In lieu of meaningful text, I'm just going to mention I've been exploding all day and now it hurts to breathe, so I'm sure you all understand.

Zaphod42 posted:

What you can do is make whatever static, and then anything can get a static reference to that object easily and call those static methods. But that's approaching what we call a "Singleton" design pattern, which is usually not actually what you want and can be a bad thing.

Instead, if you need to create a dynamic object and then allow other methods outside of main() to access it, what you have to do is pass a reference to that object as a parameter. That or you can have a public method to retrieve the object, and then have the method outside of main() call that method which returns a reference to the object.

My thought process here is that since each rotor object represents a single, specific physical object, it makes sense for them to be static in this specific instance. Does that sound right?

Fergus Mac Roich
Nov 5, 2008

Soiled Meat

Edward_Tohr posted:

My thought process here is that since each rotor object represents a single, specific physical object, it makes sense for them to be static in this specific instance. Does that sound right?

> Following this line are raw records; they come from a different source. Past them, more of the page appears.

text \<open>A vector of H_n = C^2 is an element of complex^2.
  An operator U on H = (+)_n H_n is represented by its block matrix
  U n m = P_n U P_m (a 2x2 complex matrix, viewed as a map H_m -> H_n).\<close>

type_synonym cvec = "complex ^ 2"
type_synonym cmat = "complex ^ 2 ^ 2"
type_synonym blockop = "int \<Rightarrow> int \<Rightarrow> cmat"

definition e1 :: cvec where "e1 = (\<chi> i. if i = 1 then 1 else 0)"
definition e2 :: cvec where "e2 = (\<chi> i. if i = 2 then 1 else 0)"

definition cinner :: "cvec \<Rightarrow> cvec \<Rightarrow> complex" where
  "cinner x y = (\<Sum>i\<in>UNIV. cnj (x $ i) * y $ i)"

definition ketbra :: "cvec \<Rightarrow> cvec \<Rightarrow> cmat" where
  "ketbra x y = (\<chi> i j. x $ i * cnj (y $ j))"

definition cadj :: "cmat \<Rightarrow> cmat" where
  "cadj A = (\<chi> i j. cnj (A $ j $ i))"

definition unitary2 :: "cmat \<Rightarrow> bool" where
  "unitary2 W \<longleftrightarrow> cadj W ** W = mat 1 \<and> W ** cadj W = mat 1"

definition onb2 :: "cvec \<Rightarrow> cvec \<Rightarrow> bool" where
  "onb2 a b \<longleftrightarrow> cinner a a = 1 \<and> cinner b b = 1 \<and> cinner a b = 0"

text \<open>Unitarity of the operator with block matrix U: U^*U = I and UU^* = I,
  blockwise. (For the banded operators considered, all these sums have finite support.)\<close>
definition unitary_op :: "blockop \<Rightarrow> bool" where
  "unitary_op U \<longleftrightarrow>
     (\<forall>n m. (\<Sum>\<^sub>\<infinity>k. cadj (U k n) ** U k m) = (if n = m then mat 1 else 0)) \<and>
     (\<forall>n m. (\<Sum>\<^sub>\<infinity>k. U n k ** cadj (U m k)) = (if n = m then mat 1 else 0))"

definition quantum_walk :: "blockop \<Rightarrow> bool" where
  "quantum_walk U \<longleftrightarrow> unitary_op U \<and>
     (\<forall>n m. rank (U n m) = (if m = n + 1 \<or> m = n - 1 then 1 else 0))"

text \<open>Writing xi_{n,n+1} = xa n, xi_{n,n-1} = xb n,
  zeta_{n-1,n} = za n, zeta_{n+1,n} = zb n (all in H_n), the representation reads
  P_{n-1} U P_n = |xi_{n-1,n}><zeta_{n-1,n}|, P_{n+1} U P_n = |xi_{n+1,n}><zeta_{n+1,n}|.\<close>
definition complete_two_phase :: "blockop \<Rightarrow> bool" where
  "complete_two_phase U \<longleftrightarrow> quantum_walk U \<and>
     (\<exists>x1p x2p z1p z2p x1m x2m z1m z2m :: cvec.
        let xa = (\<lambda>n::int. if n \<ge> 0 then x1p else x1m);
            xb = (\<lambda>n::int. if n \<ge> 0 then x2p else x2m);
            za = (\<lambda>n::int. if n \<ge> 0 then z1p else z1m);
            zb = (\<lambda>n::int. if n \<ge> 0 then z2p else z2m)
        in (\<forall>n. onb2 (xa n) (xb n) \<and> onb2 (za n) (zb n)) \<and>
           (\<forall>n m. U n m = (if n = m - 1 then ketbra (xa n) (za m)
                           else if n = m + 1 then ketbra (xb n) (zb m)
                           else 0)))"

definition unit_equiv :: "blockop \<Rightarrow> cvec \<Rightarrow> blockop \<Rightarrow> cvec \<Rightarrow> bool" where
  "unit_equiv U \<Phi> U' \<Phi>' \<longleftrightarrow>
     (\<exists>(lam::real) (lam'::real) (W :: int \<Rightarrow> cmat).
        (\<forall>n. unitary2 (W n)) \<and>
        (\<forall>n m. (\<chi> i j. exp (\<i> * of_real lam) * ((W n ** U n m ** cadj (W m)) $ i $ j)) = U' n m) \<and>
        (\<chi> i. exp (\<i> * of_real lam') * ((W 0) *v \<Phi>) $ i) = \<Phi>')"

definition Urs :: "real \<Rightarrow> real \<Rightarrow> real \<Rightarrow> real \<Rightarrow> blockop" where
  "Urs rp rm \<sigma>1 \<sigma>2 = (\<lambda>n m.
     let sp = sqrt (1 - rp\<^sup>2); sm = sqrt (1 - rm\<^sup>2);
         c1 = exp (\<i> * of_real \<sigma>1); c2 = exp (\<i> * of_real \<sigma>2);
         bra_l = (if m \<ge> 0 then (\<chi> i. if i = 1 then of_real rp else of_real sp)
                  else (\<chi> i. if i = 1 then of_real rm else c2 * of_real sm));
         bra_r = (if m \<ge> 0 then (\<chi> i. if i = 1 then - c1 * of_real sp else c1 * of_real rp)
                  else (\<chi> i. if i = 1 then - of_real sm else c2 * of_real rm))
     in if n = m - 1 then ketbra e1 bra_l
        else if n = m + 1 then ketbra e2 bra_r
        else 0)"

definition Phi :: "real \<Rightarrow> real \<Rightarrow> cvec" where
  "Phi \<alpha> \<theta> = (\<chi> i. if i = 1 then of_real \<alpha>
                  else exp (\<i> * of_real \<theta>) * of_real (sqrt (1 - \<alpha>\<^sup>2)))"

end

theory Submission
  imports Defs
begin

text \<open>A gauge W = (+)_n W_n turns every block |xi><zeta| of the walk into |W_n xi><W_m zeta|.
  Taking for W_n the unitary with rows a_n <xi_{n,n+1}| and b_n <xi_{n,n-1}| sends the kets to
  e_1 and e_2, and what is left on each half-line is the 2x2 unitary coin of overlaps
  <xi|zeta>, of the form [[p, -d q*], [q, d p*]] with |d| = 1. Choosing the phases a_n, b_n
  recursively along the line makes p and q nonnegative on both half-lines; together with a
  global phase e, whose square is fixed by the negative half-line, this leaves the two
  determinant phases sigma_1, sigma_2 as the only invariants of the walk. The initial state
  is normalised in the same way, keeping its moduli and relative phase.
  Conversely, a gauge between two standard walks must be diagonal, since the blocks
  |e_1><...| of the target have a nonzero first bra component; comparing entries at the
  sites -2, ..., 1 then forces all parameters to agree.\<close>

lemma cnj_mult_self: "cnj z * z = of_real ((cmod z)\<^sup>2)"
  by (metis complex_norm_square mult.commute)

lemma cmod_eq_1_iff_cnj_mult: "cmod z = 1 \<longleftrightarrow> cnj z * z = 1"
proof -
  have "cnj z * z = 1 \<longleftrightarrow> (cmod z)\<^sup>2 = 1" by (simp only: cnj_mult_self of_real_eq_1_iff)
  thus ?thesis using norm_ge_zero[of z] by (auto simp: power2_eq_1_iff)
qed

lemma unit_cnj_eq_inverse: "cmod z = 1 \<Longrightarrow> cnj z = inverse z"
  by (metis cmod_eq_1_iff_cnj_mult inverse_unique mult.commute)

lemma cis_Arg_unit: "cmod z = 1 \<Longrightarrow> cis (Arg z) = z"
  using cis_Arg[of z] by (cases "z = 0") (simp_all add: sgn_div_norm)

lemma cis_mult_polar: "cis t * z = cis (t + Arg z) * of_real (cmod z)"
proof -
  have "cis t * z = cis t * (of_real (cmod z) * cis (Arg z))"
    by (simp only: rcis_cmod_Arg[unfolded rcis_def])
  thus ?thesis by (simp add: cis_mult[symmetric] mult_ac)
qed

lemma cis_half_square: "cis (t / 2) ^ 2 = cis t"
  by (simp add: power2_eq_square cis_mult)

lemma unit_mult_of_real_eq:
  assumes "cmod c = 1" "0 < x" "0 < y" "c * of_real x = of_real y"
  shows "c = 1" "x = y"
proof -
  have "x = y" using arg_cong[OF assms(4), of cmod] assms(1-3) by (simp add: norm_mult)
  thus "x = y" "c = 1" using assms(2,4) by auto
qed

lemma cis_eq_imp_eq:
  assumes "cis s = cis t" "s \<in> {0..<2*pi}" "t \<in> {0..<2*pi}"
  shows "s = t"
proof -
  have "cis (s - t) = 1" using assms(1) by (simp add: cis_divide[symmetric])
  then obtain n :: int where n: "s - t = 2 * pi * n"
    unfolding cis_conv_exp exp_eq_1 by (auto simp: algebra_simps)
  have "\<bar>2 * pi * n\<bar> < 2 * pi" using assms(2,3) n by auto
  hence "n = 0" by (simp add: abs_mult)
  thus ?thesis using n by simp
qed

lemma sum_squares_eq_1_imp_le_1:
  fixes x y :: real
  assumes "0 \<le> x" "x\<^sup>2 + y\<^sup>2 = 1"
  shows "x \<le> 1"
proof (rule power2_le_imp_le)
  show "x\<^sup>2 \<le> 1\<^sup>2" using assms(2) zero_le_power2[of y] unfolding one_power2 by linarith
qed simp

lemma sqrt_one_minus_square_pos: "0 < r \<Longrightarrow> r < 1 \<Longrightarrow> 0 < sqrt (1 - r\<^sup>2)"
  by (simp add: power_less_one_iff abs_square_less_1)

lemma vec2_eq_iff: "(x :: 'a ^ 2) = y \<longleftrightarrow> x $ 1 = y $ 1 \<and> x $ 2 = y $ 2"
  by (simp add: vec_eq_iff forall_2)

lemma vector_2_chi: "(\<chi> i. if i = 1 then a else b) = (vector [a, b] :: 'a :: zero ^ 2)"
  by (simp add: vec2_eq_iff)

lemma e1_neq_0: "e1 \<noteq> 0" and e2_neq_0: "e2 \<noteq> 0"
  by (auto simp: vec2_eq_iff e1_def e2_def)

lemma cinner_2: "cinner x y = cnj (x $ 1) * y $ 1 + cnj (x $ 2) * y $ 2"
  by (simp add: cinner_def sum_2)

lemma cinner_e1: "cinner e1 v = v $ 1" and cinner_e2: "cinner e2 v = v $ 2"
  by (simp_all add: cinner_2 e1_def e2_def)

lemma cinner_commute: "cinner y x = cnj (cinner x y)"
  by (simp add: cinner_2 mult.commute)

lemma norm_cvec_sq: "(norm (v :: cvec))\<^sup>2 = (cmod (v $ 1))\<^sup>2 + (cmod (v $ 2))\<^sup>2"
  by (simp add: norm_vec_def L2_set_def sum_2)

lemma cinner_self_eq_norm: "cinner v v = of_real ((norm v)\<^sup>2)"
  by (simp add: cinner_2 cnj_mult_self norm_cvec_sq)

lemma matrix_matrix_mult_2: "((A :: 'a :: semiring_1 ^ 2 ^ 2) ** B) $ i $ j = A $ i $ 1 * B $ 1 $ j + A $ i $ 2 * B $ 2 $ j"
  by (simp add: matrix_matrix_mult_def sum_2)

lemma matrix_vector_mult_2: "((A :: 'a :: semiring_1 ^ 2 ^ 2) *v x) $ i = A $ i $ 1 * x $ 1 + A $ i $ 2 * x $ 2"
  by (simp add: matrix_vector_mult_def sum_2)

lemma cinner_adjoint: "cinner (A *v x) y = cinner x (cadj A *v y)"
  by (simp add: cinner_2 matrix_vector_mult_2 cadj_def algebra_simps)

lemma unitary2_iff: "unitary2 W \<longleftrightarrow> W ** cadj W = mat 1"
  unfolding unitary2_def using matrix_left_right_inverse by blast

lemma cinner_unitary2: "unitary2 W \<Longrightarrow> cinner (W *v v) (W *v w) = cinner v w"
  by (simp add: cinner_adjoint matrix_vector_mul_assoc unitary2_def)

lemma ketbra_sandwich: "A ** ketbra x y ** cadj B = ketbra (A *v x) (B *v y)"
  by (simp add: vec2_eq_iff matrix_matrix_mult_2 matrix_vector_mult_2 ketbra_def cadj_def algebra_simps)

lemma scaled_ketbra_eq_iff:
  assumes "X \<noteq> 0"
  shows "(\<chi> i j. e * ketbra (c *s X) Y $ i $ j) = ketbra X L \<longleftrightarrow> L = cnj (e * c) *s Y"
proof
  assume eq: "(\<chi> i j. e * ketbra (c *s X) Y $ i $ j) = ketbra X L"
  obtain i where "X $ i \<noteq> 0" using assms by (auto simp: vec_eq_iff)
  moreover have "X $ i * (e * c * cnj (Y $ j)) = X $ i * cnj (L $ j)" for j
    using arg_cong[OF eq, of "\<lambda>M. M $ i $ j"] by (simp add: ketbra_def mult_ac)
  ultimately have "cnj (L $ j) = e * c * cnj (Y $ j)" for j by simp
  hence "L $ j = cnj (e * c) * Y $ j" for j by (metis complex_cnj_cnj complex_cnj_mult)
  thus "L = cnj (e * c) *s Y" by (simp add: vec_eq_iff)
qed (simp add: vec_eq_iff ketbra_def mult_ac)

lemma scaled_ketbra_e1_imp:
  assumes "(\<chi> i j. e * ketbra X Y $ i $ j) = ketbra e1 L" "L \<noteq> 0"
  shows "X $ 2 = 0"
proof -
  obtain j where "L $ j \<noteq> 0" using assms(2) by (auto simp: vec_eq_iff)
  moreover have "e * X $ 1 * cnj (Y $ j) = cnj (L $ j)" "e * X $ 2 * cnj (Y $ j) = 0"
    using arg_cong[OF assms(1), of "\<lambda>M. M $ 1 $ j"] arg_cong[OF assms(1), of "\<lambda>M. M $ 2 $ j"]
    by (simp_all add: ketbra_def e1_def mult.assoc)
  ultimately show ?thesis by auto
qed

section \<open>Gauge matrices and coins\<close>

definition gauge_mat :: "complex \<Rightarrow> complex \<Rightarrow> cvec \<Rightarrow> cvec \<Rightarrow> cmat" where
  "gauge_mat c d x y = (\<chi> i j. if i = 1 then c * cnj (x $ j) else d * cnj (y $ j))"

lemma gauge_mat_mult_vec: "gauge_mat c d x y *v v = vector [c * cinner x v, d * cinner y v]"
  by (simp add: vec2_eq_iff matrix_vector_mult_2 gauge_mat_def cinner_2 algebra_simps)

lemma gauge_mat_mult_onb2:
  assumes "onb2 x y"
  shows "gauge_mat c d x y *v x = c *s e1" "gauge_mat c d x y *v y = d *s e2"
  using assms cinner_commute[of x y]
  by (auto simp: gauge_mat_mult_vec onb2_def vec2_eq_iff e1_def e2_def)

lemma gauge_mat_e1_e2: "gauge_mat c d e1 e2 *v v = vector [c * v $ 1, d * v $ 2]"
  by (simp add: gauge_mat_mult_vec cinner_e1 cinner_e2)

lemma unitary2_gauge_mat:
  assumes "onb2 x y" "cmod c = 1" "cmod d = 1"
  shows "unitary2 (gauge_mat c d x y)"
proof -
  have "cinner x x = 1" "cinner y y = 1" "cinner x y = 0" "cinner y x = 0"
    using assms(1) cinner_commute[of x y] by (auto simp: onb2_def)
  moreover have "cnj c * c = 1" "cnj d * d = 1" using assms(2,3) by (simp_all flip: cmod_eq_1_iff_cnj_mult)
  ultimately show ?thesis unfolding unitary2_iff vec_eq_iff forall_2
    by (simp add: matrix_matrix_mult_2 cadj_def gauge_mat_def mat_def cinner_2; algebra)
qed

lemma parseval2:
  assumes "onb2 x y"
  shows "cinner v w = cnj (cinner x v) * cinner x w + cnj (cinner y v) * cinner y w"
  using cinner_unitary2[OF unitary2_gauge_mat[OF assms, of 1 1], of v w]
  by (simp add: gauge_mat_mult_vec cinner_2)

No, that doesn't indicate a reason to make them static. Static means that the variable(or nested class, or a method, or what have you) isn't associated with a particular object of the enclosing class. Make sense? So making them static means that different instances of Enigma don't have their own Rotor objects, there are just Rotor variables in the Enigma "namespace". In this case you might be able to get your code working with static variables, but I recommend you remove static from all of those for now. There is a more correct way to go about what you're doing.

This is a little confusing because main() is itself a static method. So at the beginning of code execution, there is no Enigma object, and thus, without any static variables, no Rotor objects. Do you think you can figure it out from there?

baka kaba
Jul 19, 2003

PLEASE ASK ME, THE SELF-PROFESSED NO #1 PAUL CATTERMOLE FAN IN THE SOMETHING AWFUL S-CLUB 7 MEGATHREAD, TO NAME A SINGLE SONG BY HIS EXCELLENT NU-METAL SIDE PROJECT, SKUA, AND IF I CAN'T PLEASE TELL ME TO
EAT SHIT

Edward_Tohr posted:

My thought process here is that since each rotor object represents a single, specific physical object, it makes sense for them to be static in this specific instance. Does that sound right?

When you have static members of a class (like all your static rotor variables) that means that every instance of that class shares them. So if you have two instances of Enigma, and you set new Rotors on one of them, both Enigmas will see the same Rotors. (Marking them static means they actually become part of the Enigma class itself, not any instance of it)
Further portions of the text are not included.